TransitionTable(table={ <State.STARTED: 'S'>: { <Action.INITIALIZE: 'initialize'>: <State.INITIALIZED: 'I'>},
                        <State.INITIALIZED: 'I'>: { <Action.ENCRYPT_ONE: 'encrypt_one'>: <State.CHALLENGED: 'C'>,
                                                    <Action.ENCRYPT: 'encrypt'>: <State.INITIALIZED: 'I'>,
                                                    <Action.DECRYPT: 'decrypt'>: <State.INITIALIZED: 'I'>},
                        <State.CHALLENGED: 'C'>: { <Action.FINALIZE: 'finalize'>: <State.STARTED: 'S'>,
                                                   <Action.ENCRYPT: 'encrypt'>: <State.CHALLENGED: 'C'>,
                                                   <Action.DECRYPT: 'decrypt'>: <State.CHALLENGED: 'C'>}})

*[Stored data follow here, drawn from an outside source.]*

(* Let $(A,X)$ be a $C^*$-operator system in $\mathcal B(H)$ and let $(\tilde A,\tilde X)$ be a unitization of $(A,X)$ in $\mathcal B(H)$. Then $\tilde A\subseteq M(A)$ and $\tilde X\subseteq M(X)$. Consequently, if $\pi:X\to\mathcal B(K)$ is a non-degenerate ccp representation of $(A,X)$ on a Hilbert space $K$, there is a unique ccp representation $\tilde\pi:\tilde X\to\mathcal B(K)$ of $(\tilde A,\tilde X)$ extending $\pi$.
   Context: A ccp map is completely contractive, $*$-preserving and completely positive. A $C^*$-operator system $(A,X)$ on $H$: norm-closed self-adjoint $A\subseteq X\subseteq\mathcal B(H)$, $A$ a $C^*$-subalgebra with $AH=H$, $X=\overline{\operatorname{span}}\,AX$; unital if $A$ is unital. A representation of $(A,X)$ on $K$ is a ccp map $\pi:X\to\mathcal B(K)$ with $\pi(ax)=\pi(a)\pi(x)$; non-degenerate if $\pi|_A$ is. $M(A)=\{m\in\mathcal B(H): mA\cup Am\subseteq A\}$, $M(X)=\{k\in\mathcal B(H):kA\cup Ak\subseteq X\}$. A unitization of $(A,X)$ is a unital $C^*$-operator system $(\tilde A,\tilde X)$ on $H$ containing $(A,X)$ such that $A$ is an ideal of $\tilde A$, $A\tilde X\subseteq X$, and $x\in\tilde X$ with $ax=0$ for all $a\in A$ implies $x=0$. *)

theory Defs
  imports "HOL-Analysis.Analysis"
begin

text \<open>A complex Hilbert space: a real Banach space with a compatible complex scalar
multiplication and a complex inner product (linear in the second argument,
conjugate-linear in the first) inducing the norm.\<close>

class chilbert = banach +
  fixes cscale :: "complex \<Rightarrow> 'a \<Rightarrow> 'a"
  fixes cinner :: "'a \<Rightarrow> 'a \<Rightarrow> complex"
  assumes cscale_add_right: "cscale c (x + y) = cscale c x + cscale c y"
    and cscale_add_left: "cscale (c + d) x = cscale c x + cscale d x"
    and cscale_cscale: "cscale c (cscale d x) = cscale (c * d) x"
    and cscale_of_real: "cscale (complex_of_real r) x = scaleR r x"
    and cinner_add_right: "cinner x (y + z) = cinner x y + cinner x z"
    and cinner_cscale_right: "cinner x (cscale c y) = c * cinner x y"
    and cinner_commute: "cinner y x = cnj (cinner x y)"
    and cinner_self: "cinner x x = complex_of_real ((norm x)\<^sup>2)"

instantiation complex :: chilbert
begin
definition cscale_complex :: "complex \<Rightarrow> complex \<Rightarrow> complex" where
  "cscale_complex c x = c * x"
definition cinner_complex :: "complex \<Rightarrow> complex \<Rightarrow> complex" where
  "cinner_complex x y = cnj x * y"
instance
proof
  fix x y z c d :: complex and r :: real
  show "cscale c (x + y) = cscale c x + cscale c y" by (simp add: cscale_complex_def algebra_simps)
  show "cscale (c + d) x = cscale c x + cscale d x" by (simp add: cscale_complex_def algebra_simps)
  show "cscale c (cscale d x) = cscale (c * d) x" by (simp add: cscale_complex_def algebra_simps)
  show "cscale (complex_of_real r) x = scaleR r x" by (simp add: cscale_complex_def scaleR_conv_of_real)
  show "cinner x (y + z) = cinner x y + cinner x z" by (simp add: cinner_complex_def algebra_simps)
  show "cinner x (cscale c y) = c * cinner x y" by (simp add: cinner_complex_def cscale_complex_def algebra_simps)
  show "cinner y x = cnj (cinner x y)" by (simp add: cinner_complex_def mult.commute)
  show "cinner x x = complex_of_real ((norm x)\<^sup>2)"
    by (simp add: cinner_complex_def mult.commute complex_norm_square[symmetric])
qed
end

definition bop :: "('h::chilbert \<Rightarrow> 'h) \<Rightarrow> bool" where
  "bop T \<longleftrightarrow> (\<forall>x y. T (x + y) = T x + T y) \<and> (\<forall>c x. T (cscale c x) = cscale c (T x))
     \<and> (\<exists>B. \<forall>x. norm (T x) \<le> B * norm x)"

definition BH :: "('h::chilbert \<Rightarrow> 'h) set" where
  "BH = {T. bop T}"

definition is_adj :: "('h::chilbert \<Rightarrow> 'h) \<Rightarrow> ('h \<Rightarrow> 'h) \<Rightarrow> bool" where
  "is_adj T S \<longleftrightarrow> (\<forall>x y. cinner (T x) y = cinner x (S y))"

definition adj :: "('h::chilbert \<Rightarrow> 'h) \<Rightarrow> ('h \<Rightarrow> 'h)" where
  "adj T = (THE S. is_adj T S)"

definition opnorm :: "('h::chilbert \<Rightarrow> 'h) \<Rightarrow> real" where
  "opnorm T = Sup ((\<lambda>x. norm (T x)) ` {x. norm x \<le> 1})"

definition zero_op :: "'h::chilbert \<Rightarrow> 'h" where
  "zero_op = (\<lambda>_. 0)"

definition op_subspace :: "('h::chilbert \<Rightarrow> 'h) set \<Rightarrow> bool" where
  "op_subspace S \<longleftrightarrow> zero_op \<in> S \<and> (\<forall>T\<in>S. \<forall>U\<in>S. (\<lambda>x. T x + U x) \<in> S)
     \<and> (\<forall>c. \<forall>T\<in>S. (\<lambda>x. cscale c (T x)) \<in> S)"

definition selfadj_set :: "('h::chilbert \<Rightarrow> 'h) set \<Rightarrow> bool" where
  "selfadj_set S \<longleftrightarrow> (\<forall>T\<in>S. \<exists>U\<in>S. is_adj T U)"

definition op_closure :: "('h::chilbert \<Rightarrow> 'h) set \<Rightarrow> ('h \<Rightarrow> 'h) set" where
  "op_closure S = {T. bop T \<and> (\<exists>f. (\<forall>n. f n \<in> S) \<and>
      (\<lambda>n. opnorm (\<lambda>x. f n x - T x)) \<longlonglongrightarrow> 0)}"

definition op_closed :: "('h::chilbert \<Rightarrow> 'h) set \<Rightarrow> bool" where
  "op_closed S \<longleftrightarrow> op_closure S \<subseteq> S"

definition op_span :: "('h::chilbert \<Rightarrow> 'h) set \<Rightarrow> ('h \<Rightarrow> 'h) set" where
  "op_span S = {T. \<exists>(n::nat) c F. (\<forall>i<n. F i \<in> S) \<and> T = (\<lambda>x. \<Sum>i<n. cscale (c i) (F i x))}"

definition hspan :: "'h::chilbert set \<Rightarrow> 'h set" where
  "hspan S = {y. \<exists>(n::nat) c v. (\<forall>i<n. v i \<in> S) \<and> y = (\<Sum>i<n. cscale (c i) (v i))}"

definition cstar_subalg :: "('h::chilbert \<Rightarrow> 'h) set \<Rightarrow> bool" where
  "cstar_subalg A \<longleftrightarrow> A \<subseteq> BH \<and> op_subspace A \<and> (\<forall>a\<in>A. \<forall>b\<in>A. a \<circ> b \<in> A)
     \<and> selfadj_set A \<and> op_closed A"

definition cstar_opsys :: "('h::chilbert \<Rightarrow> 'h) set \<Rightarrow> ('h \<Rightarrow> 'h) set \<Rightarrow> bool" where
  "cstar_opsys A X \<longleftrightarrow> cstar_subalg A \<and> A \<subseteq> X \<and> X \<subseteq> BH \<and> op_closed X \<and> selfadj_set X
     \<and> closure (hspan {a \<xi> | a \<xi>. a \<in> A}) = UNIV
     \<and> X = op_closure (op_span {a \<circ> x | a x. a \<in> A \<and> x \<in> X})"

definition unital_alg :: "('h::chilbert \<Rightarrow> 'h) set \<Rightarrow> bool" where
  "unital_alg A \<longleftrightarrow> (\<exists>e\<in>A. \<forall>a\<in>A. e \<circ> a = a \<and> a \<circ> e = a)"

definition mat_app :: "nat \<Rightarrow> (nat \<Rightarrow> nat \<Rightarrow> ('h::chilbert \<Rightarrow> 'h)) \<Rightarrow> (nat \<Rightarrow> 'h) \<Rightarrow> nat \<Rightarrow> 'h" where
  "mat_app n M \<xi> i = (\<Sum>j<n. M i j (\<xi> j))"

definition vnorm2 :: "nat \<Rightarrow> (nat \<Rightarrow> 'h::chilbert) \<Rightarrow> real" where
  "vnorm2 n \<xi> = (\<Sum>i<n. (norm (\<xi> i))\<^sup>2)"

definition matnorm :: "nat \<Rightarrow> (nat \<Rightarrow> nat \<Rightarrow> ('h::chilbert \<Rightarrow> 'h)) \<Rightarrow> real" where
  "matnorm n M = Sup {sqrt (vnorm2 n (mat_app n M \<xi>)) | \<xi>. vnorm2 n \<xi> \<le> 1}"

definition mat_pos :: "nat \<Rightarrow> (nat \<Rightarrow> nat \<Rightarrow> ('h::chilbert \<Rightarrow> 'h)) \<Rightarrow> bool" where
  "mat_pos n M \<longleftrightarrow> (\<forall>\<xi>. Im (\<Sum>i<n. cinner (\<xi> i) (mat_app n M \<xi> i)) = 0
                         \<and> 0 \<le> Re (\<Sum>i<n. cinner (\<xi> i) (mat_app n M \<xi> i)))"

definition ccp :: "('h::chilbert \<Rightarrow> 'h) set \<Rightarrow> (('h \<Rightarrow> 'h) \<Rightarrow> ('k::chilbert \<Rightarrow> 'k)) \<Rightarrow> bool" where
  "ccp X \<pi> \<longleftrightarrow> (\<forall>x\<in>X. bop (\<pi> x))
     \<and> (\<forall>x\<in>X. \<forall>y\<in>X. \<pi> (\<lambda>\<xi>. x \<xi> + y \<xi>) = (\<lambda>\<eta>. \<pi> x \<eta> + \<pi> y \<eta>))
     \<and> (\<forall>c. \<forall>x\<in>X. \<pi> (\<lambda>\<xi>. cscale c (x \<xi>)) = (\<lambda>\<eta>. cscale c (\<pi> x \<eta>)))
     \<and> (\<forall>x\<in>X. \<pi> (adj x) = adj (\<pi> x))
     \<and> (\<forall>n M. (\<forall>i<n. \<forall>j<n. M i j \<in> X) \<longrightarrow> matnorm n (\<lambda>i j. \<pi> (M i j)) \<le> matnorm n M)
     \<and> (\<forall>n M. (\<forall>i<n. \<forall>j<n. M i j \<in> X) \<longrightarrow> mat_pos n M \<longrightarrow> mat_pos n (\<lambda>i j. \<pi> (M i j)))"

definition opsys_rep :: "('h::chilbert \<Rightarrow> 'h) set \<Rightarrow> ('h \<Rightarrow> 'h) set \<Rightarrow> (('h \<Rightarrow> 'h) \<Rightarrow> ('k::chilbert \<Rightarrow> 'k)) \<Rightarrow> bool" where
  "opsys_rep A X \<pi> \<longleftrightarrow> ccp X \<pi> \<and> (\<forall>a\<in>A. \<forall>x\<in>X. \<pi> (a \<circ> x) = \<pi> a \<circ> \<pi> x)"

definition nondegenerate :: "('h::chilbert \<Rightarrow> 'h) set \<Rightarrow> (('h \<Rightarrow> 'h) \<Rightarrow> ('k::chilbert \<Rightarrow> 'k)) \<Rightarrow> bool" where
  "nondegenerate A \<pi> \<longleftrightarrow> closure (hspan {\<pi> a \<eta> | a \<eta>. a \<in> A}) = UNIV"

definition mult_alg :: "('h::chilbert \<Rightarrow> 'h) set \<Rightarrow> ('h \<Rightarrow> 'h) set" where
  "mult_alg A = {m. bop m \<and> (\<forall>a\<in>A. m \<circ> a \<in> A \<and> a \<circ> m \<in> A)}"

definition mult_sys :: "('h::chilbert \<Rightarrow> 'h) set \<Rightarrow> ('h \<Rightarrow> 'h) set \<Rightarrow> ('h \<Rightarrow> 'h) set" where
  "mult_sys A X = {k. bop k \<and> (\<forall>a\<in>A. k \<circ> a \<in> X \<and> a \<circ> k \<in> X)}"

IND-CCA2 game states and transitions

TRACK_CHALLENGE_CTEXTS: bool = True

CCA2 needs to prevent decrypt() from decrypting challenge ctexts.

State management tools

As described above, the difference between the particular gaves is defined by what action the adversary can take when. This is specified within the TransitionTable for each.

enum toy_crypto.sec_games.State(value)

The state a game.

Member Type:

str

Valid values are as follows:

STARTED = <State.STARTED: 'S'>

INITIALIZED = <State.INITIALIZED: 'I'>

CHALLENGED = <State.CHALLENGED: 'C'>

enum toy_crypto.sec_games.Action(value)

Adversary actions (Methods called).

Member Type:

str

Valid values are as follows:

INITIALIZE = <Action.INITIALIZE: 'initialize'>

ENCRYPT_ONE = <Action.ENCRYPT_ONE: 'encrypt_one'>

ENCRYPT = <Action.ENCRYPT: 'encrypt'>

DECRYPT = <Action.DECRYPT: 'decrypt'>

FINALIZE = <Action.FINALIZE: 'finalize'>

class toy_crypto.sec_games.TransitionTable(table: Mapping[State, Mapping[Action, State]]) → None

Transition Table to manage state of a game.

It can be treated like a mapping.

Parameters:

table (Mapping[State, Mapping[Action, State]])

__getitem__(item: State) → Mapping[Action, State]

So that items can be looked up with [key] as in a real dict.

Parameters:

item (State)

Return type:

Mapping[Action, State]

keys() → KeysView[State]

Just like keys for a real dict.

Return type:

KeysView[State]

protocol toy_crypto.sec_games.SupportsTTable

Has what it takes to be decorated by manage_state().

This protocol also depends on a private member. See source if you need to make this work for something other than an Ind. Classes that implement this protocol must have the following methods / attributes:

current_state: State

t_table: TransitionTable

Each method that the adversary can call is wrapped by the @manage_state decorator

@toy_crypto.sec_games.manage_state(fn: F) → F

Decorator to check/transition state for Ind method calls.

Parameters:

fn (TypeVar(F, bound= Callable[..., Any]))

Return type:

TypeVar(F, bound= Callable[..., Any])

Footnotes

[1] (1,2)

The reason I separated game initialization from game creation is because the user may wish to rerun a game many times. After all, the adversary doesn’t need to win every time to win overall. It only needs to win meaningfully more than half the time. And so I didn’t want to user to have to create a large number of instances of a game class and have to rely on the Python garbage collector to free up memory.